Column: An update on how the hospital sale money has been utilizedAs you may recall, the city of Worthington closed on the sale of our hospital on June 30, 2008, and the City Council wanted to provide constituents an ongoing update regarding where the sale proceeds have been allocated.
By: Craig Clark, City of Worthington Administrator, Worthington Daily Globe
As you may recall, the city of Worthington closed on the sale of our hospital on June 30, 2008, and the City Council wanted to provide constituents an ongoing update regarding where the sale proceeds have been allocated. Much progress has been made over the last year on the initiatives that Council has directed with the funds from the hospital sale. As a new year is upon us, it is important to provide you with an update on ongoing efforts.
The sale of the hospital was $21 million and also produced an additional $5.6 million from remaining assets that were placed in accounts associated with “Legacy” and “Impact” projects. The legacy funds targeted long-term assets, and the impact fund was intended to make an immediate difference in our community. It is important to specifically note the funds from the sale of the hospital have been very purposefully segregated from the general operations funding of the city.
Legacy projects that have advanced over the last year include the new fire station ($4.525 million) that is close to being enclosed and otherwise ahead of schedule for an October completion date. The new senior center ($1 million dedication) continues to progress at the former YMCA site with demolition complete. Bids will be taken in March to ensure the project remains within budget and provides a permanent home for active older adults.

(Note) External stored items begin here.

theorem mainTheorem4:
  fixes m :: "'l::finite \<Rightarrow> real"
    and F :: "'l \<Rightarrow> real \<Rightarrow> real"
    and V :: "'l \<Rightarrow> ('l \<Rightarrow> 'a::euclidean_space \<Rightarrow> real) \<Rightarrow> 'a \<Rightarrow> real"
    and gradV :: "'l \<Rightarrow> ('l \<Rightarrow> 'a \<Rightarrow> real) \<Rightarrow> 'a \<Rightarrow> 'a"
    and hessV :: "'l \<Rightarrow> ('l \<Rightarrow> 'a \<Rightarrow> real) \<Rightarrow> 'a \<Rightarrow> ('a \<Rightarrow>\<^sub>L 'a)"
    and rho0 :: "'l \<Rightarrow> 'a \<Rightarrow> real"
    and rho :: "real \<Rightarrow> nat \<Rightarrow> 'l \<Rightarrow> 'a \<Rightarrow> real"
    and T :: real and i :: 'l
  assumes m_ge: "\<And>j. m j \<ge> 1"
    and F_class: "\<And>j. Hclass (m j) (F j)"
    and V_nonneg: "\<And>j \<mu> x. (\<forall>q. \<mu> q \<in> P2ac) \<Longrightarrow> V j \<mu> x \<ge> 0"
    and V_grad: "\<And>j \<mu> x. (\<forall>q. \<mu> q \<in> P2ac) \<Longrightarrow>
                   (V j \<mu> has_derivative (\<lambda>v. gradV j \<mu> x \<bullet> v)) (at x)"
    and V_hess: "\<And>j \<mu> x. (\<forall>q. \<mu> q \<in> P2ac) \<Longrightarrow>
                   (gradV j \<mu> has_derivative blinfun_apply (hessV j \<mu> x)) (at x)"
    and V_C2: "\<And>j \<mu>. (\<forall>q. \<mu> q \<in> P2ac) \<Longrightarrow> continuous_on UNIV (hessV j \<mu>)"
    and V_cont: "\<And>j (\<mu>s :: nat \<Rightarrow> 'l \<Rightarrow> 'a \<Rightarrow> real) \<sigma> x.
                   (\<forall>s q. \<mu>s s q \<in> P2ac) \<Longrightarrow> (\<forall>q. \<sigma> q \<in> P2ac) \<Longrightarrow>
                   (\<forall>q. (\<lambda>s. W2 (dmeas (\<mu>s s q)) (dmeas (\<sigma> q))) \<longlonglongrightarrow> 0) \<Longrightarrow>
                   (\<lambda>s. V j (\<mu>s s) x) \<longlonglongrightarrow> V j \<sigma> x"
    and V_bounds: "\<exists>C. \<forall>j \<mu> \<nu> \<sigma> x. (\<forall>q. \<mu> q \<in> P2ac) \<longrightarrow> (\<forall>q. \<nu> q \<in> P2ac) \<longrightarrow>
                     (\<forall>q. \<sigma> q \<in> P2ac) \<longrightarrow>
                     norm (gradV j \<mu> x) + norm (hessV j \<mu> x) \<le> C
                     \<and> norm (gradV j \<nu> x - gradV j \<sigma> x)
                         \<le> C * (\<Sum>q\<in>UNIV. W2 (dmeas (\<nu> q)) (dmeas (\<sigma> q)))"
    and init_P2: "\<And>j. rho0 j \<in> P2ac"
    and init_energy: "\<And>j. Ffun (F j) (rho0 j) + enn2ereal (Vfun (V j rho0) (rho0 j)) < \<infinity>"
    and scheme0: "\<And>h j. h > 0 \<Longrightarrow> rho h 0 j = rho0 j"
    and scheme_P2: "\<And>h k j. h > 0 \<Longrightarrow> k \<ge> 1 \<Longrightarrow> rho h k j \<in> P2ac"
    and scheme_min: "\<And>h k j \<sigma>. h > 0 \<Longrightarrow> k \<ge> 1 \<Longrightarrow> \<sigma> \<in> P2ac \<Longrightarrow>
                       JKO h (F j) (V j (rho h (k - 1))) (rho h (k - 1) j) (rho h k j)
                         \<le> JKO h (F j) (V j (rho h (k - 1))) (rho h (k - 1) j) \<sigma>"
  shows "\<exists>C::real. \<forall>h>0. \<forall>k::nat. real k * h \<le> T \<longrightarrow>
            moment2 (rho h k i) \<le> ennreal C
          \<and> Ffun (F i) (rho h k i) \<le> ereal C
          \<and> (\<Sum>k'<nat \<lfloor>T / h\<rfloor>. W2sq (dmeas (rho h k' i)) (dmeas (rho h (k' + 1) i)))
               \<le> ennreal (C * h)"
proof -
  obtain C0 where C0: "\<And>j \<mu> x. \<forall>q. \<mu> q \<in> P2ac \<Longrightarrow> norm (gradV j \<mu> x) + norm (hessV j \<mu> x) \<le> C0"
    using V_bounds by blast
  define L where "L = max C0 0"
  have P2: "\<forall>j. rho h k j \<in> P2ac" if "h > 0" for h k
    using that scheme0 init_P2 scheme_P2 by (cases k) auto
  have grad: "norm (gradV i (rho h k) x) \<le> L" if "h > 0" for h k x
  proof -
    have "norm (gradV i (rho h k) x) + norm (hessV i (rho h k) x) \<le> C0"
      using C0[OF P2[OF that]] .
    then show ?thesis unfolding L_def using norm_ge_zero[of "hessV i (rho h k) x"] by linarith
  qed
  show ?thesis
  proof (rule JKO_scheme_bounds[where \<rho> = "\<lambda>h k. rho h k i" and V = "\<lambda>h k. V i (rho h k)"])
    fix h :: real and k :: nat assume h: "h > 0"
    show "V i (rho h k) \<in> borel_measurable borel"
      by (rule borel_measurable_has_derivative[OF V_grad[OF P2[OF h]]])
    show "\<bar>V i (rho h k) x - V i (rho h k) y\<bar> \<le> L * dist x y" for x y
      by (rule lipschitz_from_gradient_bound[OF V_grad[OF P2[OF h]] grad[OF h]])
    show "JKO h (F i) (V i (rho h k)) (rho h k i) (rho h (Suc k) i)
        \<le> JKO h (F i) (V i (rho h k)) (rho h k i) (rho h k i)"
      using scheme_min[OF h _ P2[OF h, rule_format], of "Suc k" i k i] by simp
  qed (use F_class init_energy V_nonneg P2 scheme0 in \<open>auto simp: L_def\<close>)
qed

As we look forward to spring, you will see progress on the 59 North Commercial and Industrial Park intersection. This will provide a significant enhancement to the future park by providing the initial entrance into the park and pairs $1.4 million of city funds with $3.3 million of state grant dollars to make this intersection become a reality. This also provides further enhancement to the Biotechnology Park and the anticipated hotel and events center project on the east side of 59 by making Bioscience Drive a fully functioning intersection.

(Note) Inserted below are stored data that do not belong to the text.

lemma reflect_midpoint: "reflect a ((z + w) / 2) = (reflect a z + reflect a w) / 2"
  by (simp add: reflect_def field_simps)

lemma reflect_polar: "reflect a (of_real r * cis t) = of_real r * cis (a - t)"
  by (simp add: reflect_def cis_cnj cis_mult)

lemma abs_Im_le_dist_real:
  assumes "Im m = 0"
  shows "\<bar>Im y\<bar> \<le> dist y m"
  using abs_Im_le_cmod[of "y - m"] assms by (simp add: dist_norm)

lemma dist_eq_Im_imp_foot:
  assumes "Im m = 0" "dist y m = Im y"
  shows "m = of_real (Re y)"
proof -
  have "(Im y)\<^sup>2 = (Re y - Re m)\<^sup>2 + (Im y)\<^sup>2"
    using cmod_power2[of "y - m"] assms by (simp add: dist_norm)
  then show ?thesis using assms by (simp add: complex_eq_iff)
qed

lemma dist_cnj_self: "dist y (cnj y) = 2 * \<bar>Im y\<bar>"
  by (simp add: dist_norm complex_diff_cnj norm_mult)

lemma dist_cnj_commute: "dist y (cnj x) = dist x (cnj y)"
  by (metis complex_cnj_cnj complex_cnj_diff complex_mod_cnj dist_commute dist_norm)

lemma dist_cnj_sq: "dist x (cnj y) ^ 2 = dist x y ^ 2 + 4 * Im x * Im y"
  unfolding dist_norm cmod_power2 by (simp add: power2_eq_square algebra_simps)

lemma dist_reflect_cnj_reflect: "dist x (reflect a (cnj (reflect a y))) = dist (reflect a x) (cnj (reflect a y))"
  by (metis dist_reflect reflect_reflect)

lemma polar_in_sector:
  assumes "0 < r" "0 < t" "t < \<alpha>"
  shows "of_real r * cis t \<in> sector \<alpha>"
proof -
  let ?z = "of_real r * cis t"
  have "?z = of_real (cmod ?z) * cis t" "?z \<noteq> 0" using assms by (simp_all add: norm_mult)
  then show ?thesis unfolding sector_def using assms(2,3) by (metis (mono_tags, lifting) mem_Collect_eq)
qed

lemma sector_polarE:
  assumes "z \<in> sector \<alpha>"
  obtains r t where "0 < r" "0 < t" "t < \<alpha>" "z = of_real r * cis t"
proof -
  from assms obtain t where "z \<noteq> 0" "0 < t" "t < \<alpha>" "z = of_real (cmod z) * cis t"
    unfolding sector_def by blast
  then show ?thesis using that[of "cmod z" t] by auto
qed

lemma Re_mult_sin_nonneg:
  assumes "0 < Im u" "Im u \<le> Im (reflect a u)"
  shows "0 \<le> Re u * sin a"
proof -
  have "0 \<le> 1 + cos a" using cos_ge_minus_one[of a] by linarith
  with assms have "0 \<le> Im u * (1 + cos a)" by simp
  then show ?thesis using assms(2) unfolding Im_reflect by (simp add: algebra_simps)
qed

context
  fixes \<alpha> :: real
  assumes \<alpha>: "0 < \<alpha>" "\<alpha> \<le> pi"
begin

lemma mem_sector: "z \<in> sector \<alpha> \<longleftrightarrow> 0 < Im z \<and> 0 < Im (reflect \<alpha> z)"
proof
  assume "z \<in> sector \<alpha>"
  then obtain r t where z: "0 < r" "0 < t" "t < \<alpha>" "z = of_real r * cis t"
    by (rule sector_polarE)
  moreover have "0 < sin t" "0 < sin (\<alpha> - t)" using z \<alpha> by (auto intro!: sin_gt_zero)
  ultimately show "0 < Im z \<and> 0 < Im (reflect \<alpha> z)" by (simp add: reflect_polar)
next
  assume i: "0 < Im z \<and> 0 < Im (reflect \<alpha> z)"
  have "0 < Arg z" "Arg z < pi" using i Arg_lt_pi by blast+
  moreover have "z = of_real (cmod z) * cis (Arg z)" by (metis rcis_cmod_Arg rcis_def)
  moreover have "0 < cmod z" using i by auto
  ultimately obtain r t where z: "z = of_real r * cis t" "0 < r" "0 < t" "t < pi" by blast
  have "0 < sin (\<alpha> - t)" using i z by (simp add: reflect_polar zero_less_mult_iff)
  moreover have "sin (\<alpha> - t) \<le> 0" if "\<alpha> \<le> t"
    using sin_ge_zero[of "t - \<alpha>"] sin_minus[of "t - \<alpha>"] that z \<alpha> by simp
  ultimately have "t < \<alpha>" by linarith
  then show "z \<in> sector \<alpha>" using z by (simp add: polar_in_sector)
qed

lemma open_sector: "open (sector \<alpha>)"
proof -
  have "sector \<alpha> = {z. 0 < Im z} \<inter> {z. 0 < Im (reflect \<alpha> z)}"
    using mem_sector by blast
  moreover have "open ({z. 0 < Im z} \<inter> {z. 0 < Im (reflect \<alpha> z)})"
    unfolding Im_reflect by (intro open_Int open_Collect_less continuous_intros)
  ultimately show ?thesis by simp
qed

lemma closure_sector: "closure (sector \<alpha>) = {z. 0 \<le> Im z \<and> 0 \<le> Im (reflect \<alpha> z)}"
  (is "_ = ?C")
proof
  have "closed ({z. 0 \<le> Im z} \<inter> {z. 0 \<le> Im (reflect \<alpha> z)})"
    unfolding Im_reflect by (intro closed_Int closed_Collect_le continuous_intros)
  then show "closure (sector \<alpha>) \<subseteq> ?C"
    using mem_sector by (intro closure_minimal) (auto simp: Collect_conj_eq[symmetric])
next
  show "?C \<subseteq> closure (sector \<alpha>)"
  proof
    fix z assume z: "z \<in> ?C"
    have s: "0 < sin (\<alpha> / 2)" using \<alpha> by (intro sin_gt_zero) auto
    show "z \<in> closure (sector \<alpha>)" unfolding closure_approachable
    proof (intro allI impI)
      fix e :: real assume e: "0 < e"
      let ?y = "z + of_real (e / 2) * cis (\<alpha> / 2)"
      have "Im (reflect \<alpha> ?y) = Im (reflect \<alpha> z) + e / 2 * (sin \<alpha> * cos (\<alpha> / 2) - cos \<alpha> * sin (\<alpha> / 2))"
        by (simp add: Im_reflect algebra_simps)
      also have "sin \<alpha> * cos (\<alpha> / 2) - cos \<alpha> * sin (\<alpha> / 2) = sin (\<alpha> / 2)"
        using sin_diff[of \<alpha> "\<alpha> / 2"] by simp
      finally have "Im (reflect \<alpha> ?y) = Im (reflect \<alpha> z) + e / 2 * sin (\<alpha> / 2)" .
      moreover have "Im ?y = Im z + e / 2 * sin (\<alpha> / 2)" by simp
      moreover have "0 < e / 2 * sin (\<alpha> / 2)" using e s by simp
      ultimately have "?y \<in> sector \<alpha>" using z unfolding mem_sector by simp
      moreover have "dist ?y z < e" using e by (simp add: dist_norm norm_mult)
      ultimately show "\<exists>y\<in>sector \<alpha>. dist y z < e" by blast
    qed
  qed
qed

lemma frontier_sector:
  "m \<in> frontier (sector \<alpha>) \<longleftrightarrow>
     0 \<le> Im m \<and> 0 \<le> Im (reflect \<alpha> m) \<and> (Im m = 0 \<or> Im (reflect \<alpha> m) = 0)"
proof -
  have "m \<in> frontier (sector \<alpha>) \<longleftrightarrow> m \<in> closure (sector \<alpha>) \<and> m \<notin> sector \<alpha>"
    by (simp add: frontier_def interior_open[OF open_sector])
  then show ?thesis unfolding closure_sector mem_sector by auto
qed

lemma real_foot_in_frontier:
  assumes "y \<in> sector \<alpha>" "Im y \<le> Im (reflect \<alpha> y)"
  shows "of_real (Re y) \<in> frontier (sector \<alpha>)"
  using Re_mult_sin_nonneg[of y \<alpha>] assms mem_sector unfolding frontier_sector
  by (simp add: Im_reflect)

lemma reflected_foot_in_frontier:
  assumes "y \<in> sector \<alpha>" "Im (reflect \<alpha> y) \<le> Im y"
  shows "reflect \<alpha> (of_real (Re (reflect \<alpha> y))) \<in> frontier (sector \<alpha>)"
  using Re_mult_sin_nonneg[of "reflect \<alpha> y" \<alpha>] assms mem_sector unfolding frontier_sector
  by (simp add: Im_reflect)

Prioritizing other Legacy projects had the City Council creating an endowment for an equipment reserve fund for future capital expenditures so that these items can be taken off the general fund and our long-term needs for snow plows and police cars can have a more stable funding source. To grow and maintain quality jobs and the services they provide, the City Council also committed to a $400,000 loan for the Southwest Mental Health Agency that will be repaid back to the Legacy fund over 30 years.
Impact projects over the last year also made progress with the Parks Advisory Board completing the Freedom Veteran’s fishing pier ($18,831), installing restrooms at Millard Walker Park ($71,700) and siting new basketball and a volleyball courts in Centennial Park as well as enhancing the old courts just off Clary Street ($39,800).
Other impact initiatives were partnering with the hockey association and providing $135,000 for much-needed improvements to the arena. The Biotechnology Advancement Center has been wrapped up and the fueling station at the municipal airport was brought to a conclusion last year. Ground has been broken for the airport hangar buildings and the crop chemical spray pad and warehouse will begin in June, with all of these be completed in 2012. We will see individuals playing tennis at the new courts this spring, and the police department will complete their transition interoperability of their radios as required by the FCC to round out the impact projects.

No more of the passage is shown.